# How to transition from door casing to baseboard?



## RxScram (Aug 28, 2009)

Hi Everybody, 

I have recently installed casing around all the doors and closets in the house. We would like to install matching baseboard to complete the look. My question is this- how would you recommend transitioning from the casing to the baseboard so that there is not a wierd edge on all of the transitions. 

We are using delmar casing (3" tall) and baseboard (4 1/2" tall), and apparently I installed the casing incorrectly, with the fat side facing the door instead of the other way around. I have thought about simply doing a miter on the bottoms, but that would mean I would have to use the 3" casing to do all of the baseboards, which I don't really want.

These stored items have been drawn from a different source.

definition seminorm_topology :: "'v::ab_group_add set \<Rightarrow> ('v \<Rightarrow> ennreal) set \<Rightarrow> 'v topology" where
  "seminorm_topology S P = topology (\<lambda>U. U \<subseteq> S \<and>
     (\<forall>x0\<in>U. \<exists>J \<epsilon>. finite J \<and> J \<subseteq> P \<and> (\<epsilon>::real) > 0 \<and>
        {x\<in>S. \<forall>\<rho>\<in>J. \<rho> (x - x0) < ennreal \<epsilon>} \<subseteq> U))"

definition elcs_topology ::
  "('k::real_normed_field \<Rightarrow> 'v::ab_group_add \<Rightarrow> 'v) \<Rightarrow> 'v set \<Rightarrow> 'v topology \<Rightarrow> bool" where
  "elcs_topology sc S \<tau> \<longleftrightarrow>
     (\<exists>P. (\<forall>\<rho>\<in>P. ext_seminorm sc S \<rho>) \<and> \<tau> = seminorm_topology S P)"

definition lc_topology ::
  "('k::real_normed_field \<Rightarrow> 'v::ab_group_add \<Rightarrow> 'v) \<Rightarrow> 'v set \<Rightarrow> 'v topology \<Rightarrow> bool" where
  "lc_topology sc S \<sigma> \<longleftrightarrow>
     (\<exists>P. (\<forall>\<rho>\<in>P. fin_seminorm sc S \<rho>) \<and> \<sigma> = seminorm_topology S P)"

definition coarser :: "'a topology \<Rightarrow> 'a topology \<Rightarrow> bool" where
  "coarser \<sigma> \<tau> \<longleftrightarrow> (\<forall>U. openin \<sigma> U \<longrightarrow> openin \<tau> U)"

definition finest_lc_topology ::
  "('k::real_normed_field \<Rightarrow> 'v::ab_group_add \<Rightarrow> 'v) \<Rightarrow> 'v set \<Rightarrow> 'v topology \<Rightarrow> 'v topology \<Rightarrow> bool" where
  "finest_lc_topology sc S \<tau> \<tau>F \<longleftrightarrow>
     lc_topology sc S \<tau>F \<and> coarser \<tau>F \<tau> \<and>
     (\<forall>\<sigma>. lc_topology sc S \<sigma> \<and> coarser \<sigma> \<tau> \<longrightarrow> coarser \<sigma> \<tau>F)"

text \<open>Topological dual of (S, sigma): continuous linear functionals on S
(represented extensionally, i.e. undefined outside S).\<close>
definition dual_space ::
  "('k::real_normed_field \<Rightarrow> 'v::ab_group_add \<Rightarrow> 'v) \<Rightarrow> 'v set \<Rightarrow> 'v topology \<Rightarrow> ('v \<Rightarrow> 'k) set" where
  "dual_space sc S \<sigma> = {f. f \<in> extensional S \<and>
     (\<forall>x\<in>S. \<forall>y\<in>S. f (x + y) = f x + f y) \<and>
     (\<forall>a. \<forall>x\<in>S. f (sc a x) = a * f x) \<and>
     continuous_map \<sigma> euclidean f}"

end

theory Submission
  imports Defs
begin

text \<open>A finite seminorm p on Y whose topology is coarser than \<tau>|Y is dominated on Y by a
multiple of a finite sum r of the extended seminorms defining \<tau>. The infimal convolution of p
with r extends p to an extended seminorm on X below r; precomposing it with a linear retraction
onto the subspace where it is finite makes it finite without changing it there. The topology of
this finite extension is coarser than \<tau>, hence than \<tau>F, and restricts to the topology of p
on Y; so \<tau>F|Y is finest. For the duals, apply this to p = |f| for a \<tau>|Y-continuous linear f.\<close>

section \<open>Topologies induced by seminorms\<close>

definition seminorm_ball :: "'v::ab_group_add set \<Rightarrow> ('v \<Rightarrow> ennreal) set \<Rightarrow> 'v \<Rightarrow> real \<Rightarrow> 'v set"
  where "seminorm_ball S J x0 e = {x\<in>S. \<forall>\<rho>\<in>J. \<rho> (x - x0) < ennreal e}"

lemma seminorm_ball_antimono:
  "J \<subseteq> J' \<Longrightarrow> e' \<le> e \<Longrightarrow> seminorm_ball S J' x0 e' \<subseteq> seminorm_ball S J x0 e"
  unfolding seminorm_ball_def by (auto intro: less_le_trans ennreal_leI)
lemma (in group) subgroup_centralizer:
  assumes "S \<subseteq> carrier G" shows "subgroup (centralizer G S) G"
proof (rule subgroupI)
  show "centralizer G S \<subseteq> carrier G" by (auto simp: centralizer_def)
  show "centralizer G S \<noteq> {}" using assms by (auto simp: centralizer_def intro!: exI[of _ \<one>])
  show "inv x \<in> centralizer G S" if "x \<in> centralizer G S" for x
    using that assms commute_inv by (auto simp: centralizer_def)
  show "x \<otimes> y \<in> centralizer G S" if "x \<in> centralizer G S" "y \<in> centralizer G S" for x y
    using that assms commute_mult by (auto simp: centralizer_def)
qed

lemma (in group) normal_centralizer:
  assumes S: "S \<subseteq> carrier G" and conj: "\<And>g s. g \<in> carrier G \<Longrightarrow> s \<in> S \<Longrightarrow> g \<otimes> s \<otimes> inv g \<in> S"
  shows "centralizer G S \<lhd> G"
proof -
  have "g \<otimes> x \<otimes> inv g \<in> centralizer G S" if g: "g \<in> carrier G" and x: "x \<in> centralizer G S" for g x
  proof -
    have xc: "x \<in> carrier G" using x by (simp add: centralizer_def)
    have "(g \<otimes> x \<otimes> inv g) \<otimes> s = s \<otimes> (g \<otimes> x \<otimes> inv g)" if s: "s \<in> S" for s
    proof -
      have "inv g \<otimes> s \<otimes> inv (inv g) \<in> S" using conj[of "inv g" s] g s by simp
      then have "x \<otimes> (inv g \<otimes> s \<otimes> g) = (inv g \<otimes> s \<otimes> g) \<otimes> x" using x g by (simp add: centralizer_def)
      moreover have "g \<otimes> (inv g \<otimes> s \<otimes> g) \<otimes> inv g = s" using g s S by (auto simp: m_assoc)
      ultimately show ?thesis
        using conj_commute_iff[of g x "inv g \<otimes> s \<otimes> g"] g xc s S by auto
    qed
    then show ?thesis using g xc by (simp add: centralizer_def)
  qed
  then show ?thesis using normal_inv_iff subgroup_centralizer[OF S] by blast
qed
(* Let $\mathbf K$ be an M$\Delta$C generated as a thick subcategory by a single object $G$. The maps \[\Phi(\mathbf I)=\{\mathbf P\in\operatorname{Spc}\mathbf K:\mathbf I\not\subseteq\mathbf P\}=\bigcup_{A\in\mathbf I}V(A),\qquad \Theta(S)=\bigcap_{\mathbf P\in\operatorname{Spc}\mathbf K\setminus S}\mathbf P\] restrict to mutually inverse, order-preserving bijections between the set of semiprime thick ideals of $\mathbf K$ and the set of Thomason subsets of $\operatorname{Spc}\mathbf K$.
   Context: M$\Delta$C: triangulated category with monoidal structure $(\otimes,\mathbf 1)$, $\otimes$ exact in each variable. Thick ideal: full triangulated subcategory closed under summands and two-sided tensoring. Prime ideal: proper thick ideal $\mathbf P$ with $\mathbf I\otimes\mathbf J\subseteq\mathbf P\Rightarrow\mathbf I\subseteq\mathbf P$ or $\mathbf J\subseteq\mathbf P$; a thick ideal is semiprime if it is an intersection of prime ideals. $\operatorname{Spc}\mathbf K$: set of primes with closed sets the intersections of $V(A)=\{\mathbf P:A\notin\mathbf P\}$. A Thomason subset of a topological space is a union of closed subsets each having quasicompact complement. The intersection over the empty family in $\Theta$ is $\mathbf K$. *)

theory Defs
  imports "HOL-Analysis.Abstract_Topology"
begin

text \<open>A category with objects of type 'o and morphisms of type 'm, carried by
explicit sets. cmp C g f is the composite "g after f".\<close>

record ('o,'m) mdc =
  Ob :: "'o set"
  Mor :: "'m set"
  mdom :: "'m \<Rightarrow> 'o"
  mcod :: "'m \<Rightarrow> 'o"
  cmp :: "'m \<Rightarrow> 'm \<Rightarrow> 'm"
  idm :: "'o \<Rightarrow> 'm"
  madd :: "'m \<Rightarrow> 'm \<Rightarrow> 'm"
  mneg :: "'m \<Rightarrow> 'm"
  mzero :: "'o \<Rightarrow> 'o \<Rightarrow> 'm"
  shO :: "'o \<Rightarrow> 'o"
  shM :: "'m \<Rightarrow> 'm"
  Dist :: "('m \<times> 'm \<times> 'm) set"
  tenO :: "'o \<Rightarrow> 'o \<Rightarrow> 'o"
  tenM :: "'m \<Rightarrow> 'm \<Rightarrow> 'm"
  unitO :: "'o"
  assoc :: "'o \<Rightarrow> 'o \<Rightarrow> 'o \<Rightarrow> 'm"   \<comment> \<open>(A*B)*D -> A*(B*D)\<close>
  lunit :: "'o \<Rightarrow> 'm"                 \<comment> \<open>1*A -> A\<close>
  runit :: "'o \<Rightarrow> 'm"                 \<comment> \<open>A*1 -> A\<close>
  ltw :: "'o \<Rightarrow> 'o \<Rightarrow> 'm"           \<comment> \<open>(Sigma A)*B -> Sigma(A*B)\<close>
  rtw :: "'o \<Rightarrow> 'o \<Rightarrow> 'm"           \<comment> \<open>A*(Sigma B) -> Sigma(A*B)\<close>

definition hom :: "('o,'m,'x) mdc_scheme \<Rightarrow> 'o \<Rightarrow> 'o \<Rightarrow> 'm set" where
  "hom C A B = {f \<in> Mor C. mdom C f = A \<and> mcod C f = B}"

definition is_category :: "('o,'m,'x) mdc_scheme \<Rightarrow> bool" where
  "is_category C \<longleftrightarrow>
     (\<forall>f\<in>Mor C. mdom C f \<in> Ob C \<and> mcod C f \<in> Ob C) \<and>
     (\<forall>A\<in>Ob C. idm C A \<in> hom C A A) \<and>
     (\<forall>f\<in>Mor C. \<forall>g\<in>Mor C. mcod C f = mdom C g \<longrightarrow>
          cmp C g f \<in> hom C (mdom C f) (mcod C g)) \<and>
     (\<forall>f\<in>Mor C. cmp C (idm C (mcod C f)) f = f \<and> cmp C f (idm C (mdom C f)) = f) \<and>
     (\<forall>f\<in>Mor C. \<forall>g\<in>Mor C. \<forall>h\<in>Mor C. mcod C f = mdom C g \<and> mcod C g = mdom C h \<longrightarrow>
          cmp C h (cmp C g f) = cmp C (cmp C h g) f)"

definition is_preadditive :: "('o,'m,'x) mdc_scheme \<Rightarrow> bool" where
  "is_preadditive C \<longleftrightarrow>
     (\<forall>A\<in>Ob C. \<forall>B\<in>Ob C.
        mzero C A B \<in> hom C A B \<and>
        (\<forall>f\<in>hom C A B. mneg C f \<in> hom C A B \<and> madd C f (mneg C f) = mzero C A B \<and>
                         madd C f (mzero C A B) = f) \<and>
        (\<forall>f\<in>hom C A B. \<forall>g\<in>hom C A B. madd C f g \<in> hom C A B \<and> madd C f g = madd C g f) \<and>
        (\<forall>f\<in>hom C A B. \<forall>g\<in>hom C A B. \<forall>h\<in>hom C A B.
            madd C (madd C f g) h = madd C f (madd C g h))) \<and>
     (\<forall>A\<in>Ob C. \<forall>B\<in>Ob C. \<forall>D\<in>Ob C. \<forall>f\<in>hom C A B. \<forall>g\<in>hom C A B. \<forall>h\<in>hom C B D.
        cmp C h (madd C f g) = madd C (cmp C h f) (cmp C h g)) \<and>
     (\<forall>A\<in>Ob C. \<forall>B\<in>Ob C. \<forall>D\<in>Ob C. \<forall>h\<in>hom C A B. \<forall>f\<in>hom C B D. \<forall>g\<in>hom C B D.
        cmp C (madd C f g) h = madd C (cmp C f h) (cmp C g h))"

definition is_zero_obj :: "('o,'m,'x) mdc_scheme \<Rightarrow> 'o \<Rightarrow> bool" where
  "is_zero_obj C Z \<longleftrightarrow> Z \<in> Ob C \<and> idm C Z = mzero C Z Z"

definition is_biprod ::
  "('o,'m,'x) mdc_scheme \<Rightarrow> 'o \<Rightarrow> 'o \<Rightarrow> 'o \<Rightarrow> 'm \<Rightarrow> 'm \<Rightarrow> 'm \<Rightarrow> 'm \<Rightarrow> bool" where
  "is_biprod C A A' B i1 p1 i2 p2 \<longleftrightarrow>
     i1 \<in> hom C A B \<and> p1 \<in> hom C B A \<and> i2 \<in> hom C A' B \<and> p2 \<in> hom C B A' \<and>
     cmp C p1 i1 = idm C A \<and> cmp C p2 i2 = idm C A' \<and>
     cmp C p1 i2 = mzero C A' A \<and> cmp C p2 i1 = mzero C A A' \<and>
     madd C (cmp C i1 p1) (cmp C i2 p2) = idm C B"

definition is_summand :: "('o,'m,'x) mdc_scheme \<Rightarrow> 'o \<Rightarrow> 'o \<Rightarrow> bool" where
  "is_summand C A B \<longleftrightarrow> A \<in> Ob C \<and> B \<in> Ob C \<and>
     (\<exists>A'\<in>Ob C. \<exists>i1 p1 i2 p2. is_biprod C A A' B i1 p1 i2 p2)"

definition is_additive :: "('o,'m,'x) mdc_scheme \<Rightarrow> bool" where
  "is_additive C \<longleftrightarrow> is_category C \<and> is_preadditive C \<and> (\<exists>Z. is_zero_obj C Z) \<and>
     (\<forall>A\<in>Ob C. \<forall>A'\<in>Ob C. \<exists>B\<in>Ob C. \<exists>i1 p1 i2 p2. is_biprod C A A' B i1 p1 i2 p2)"

definition is_iso :: "('o,'m,'x) mdc_scheme \<Rightarrow> 'm \<Rightarrow> bool" where
  "is_iso C f \<longleftrightarrow> f \<in> Mor C \<and> (\<exists>g\<in>hom C (mcod C f) (mdom C f).
      cmp C g f = idm C (mdom C f) \<and> cmp C f g = idm C (mcod C f))"

definition is_triangle :: "('o,'m,'x) mdc_scheme \<Rightarrow> 'm \<times> 'm \<times> 'm \<Rightarrow> bool" where
  "is_triangle C t \<longleftrightarrow> (case t of (f,g,h) \<Rightarrow>
     f \<in> Mor C \<and> g \<in> Mor C \<and> h \<in> Mor C \<and> mcod C f = mdom C g \<and> mcod C g = mdom C h \<and>
     mcod C h = shO C (mdom C f))"

definition is_tri_mor ::
  "('o,'m,'x) mdc_scheme \<Rightarrow> 'm \<times> 'm \<times> 'm \<Rightarrow> 'm \<times> 'm \<times> 'm \<Rightarrow> 'm \<times> 'm \<times> 'm \<Rightarrow> bool" where
  "is_tri_mor C t t' m \<longleftrightarrow> (case t of (f,g,h) \<Rightarrow> case t' of (f',g',h') \<Rightarrow> case m of (a,b,c) \<Rightarrow>
     is_triangle C t \<and> is_triangle C t' \<and>
     a \<in> hom C (mdom C f) (mdom C f') \<and> b \<in> hom C (mdom C g) (mdom C g') \<and>
     c \<in> hom C (mdom C h) (mdom C h') \<and>
     cmp C b f = cmp C f' a \<and> cmp C c g = cmp C g' b \<and> cmp C (shM C a) h = cmp C h' c)"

I am attaching a (very rough) model of the trim, so that you can tell the general profile.

Thanks!


----------



## bob22 (May 28, 2008)

IMO, I would take off the door molding and reinstall the other way. I see no other way.


----------



## jaros bros. (Jan 16, 2009)

Plinth blocks or redo.


----------



## RobQuillin (Oct 31, 2009)

You really got yourself in a pickle. You really only have 2 options. My first recommendation is for you to take off the casing and reinstall it properly. That is the only way that you are going to get a proper look. If you decide that this is something that you do not want to do then you can try this other option and see if it is something that you can live with. in this option you will need a good miter saw that can do a miter through the entire width of the base board.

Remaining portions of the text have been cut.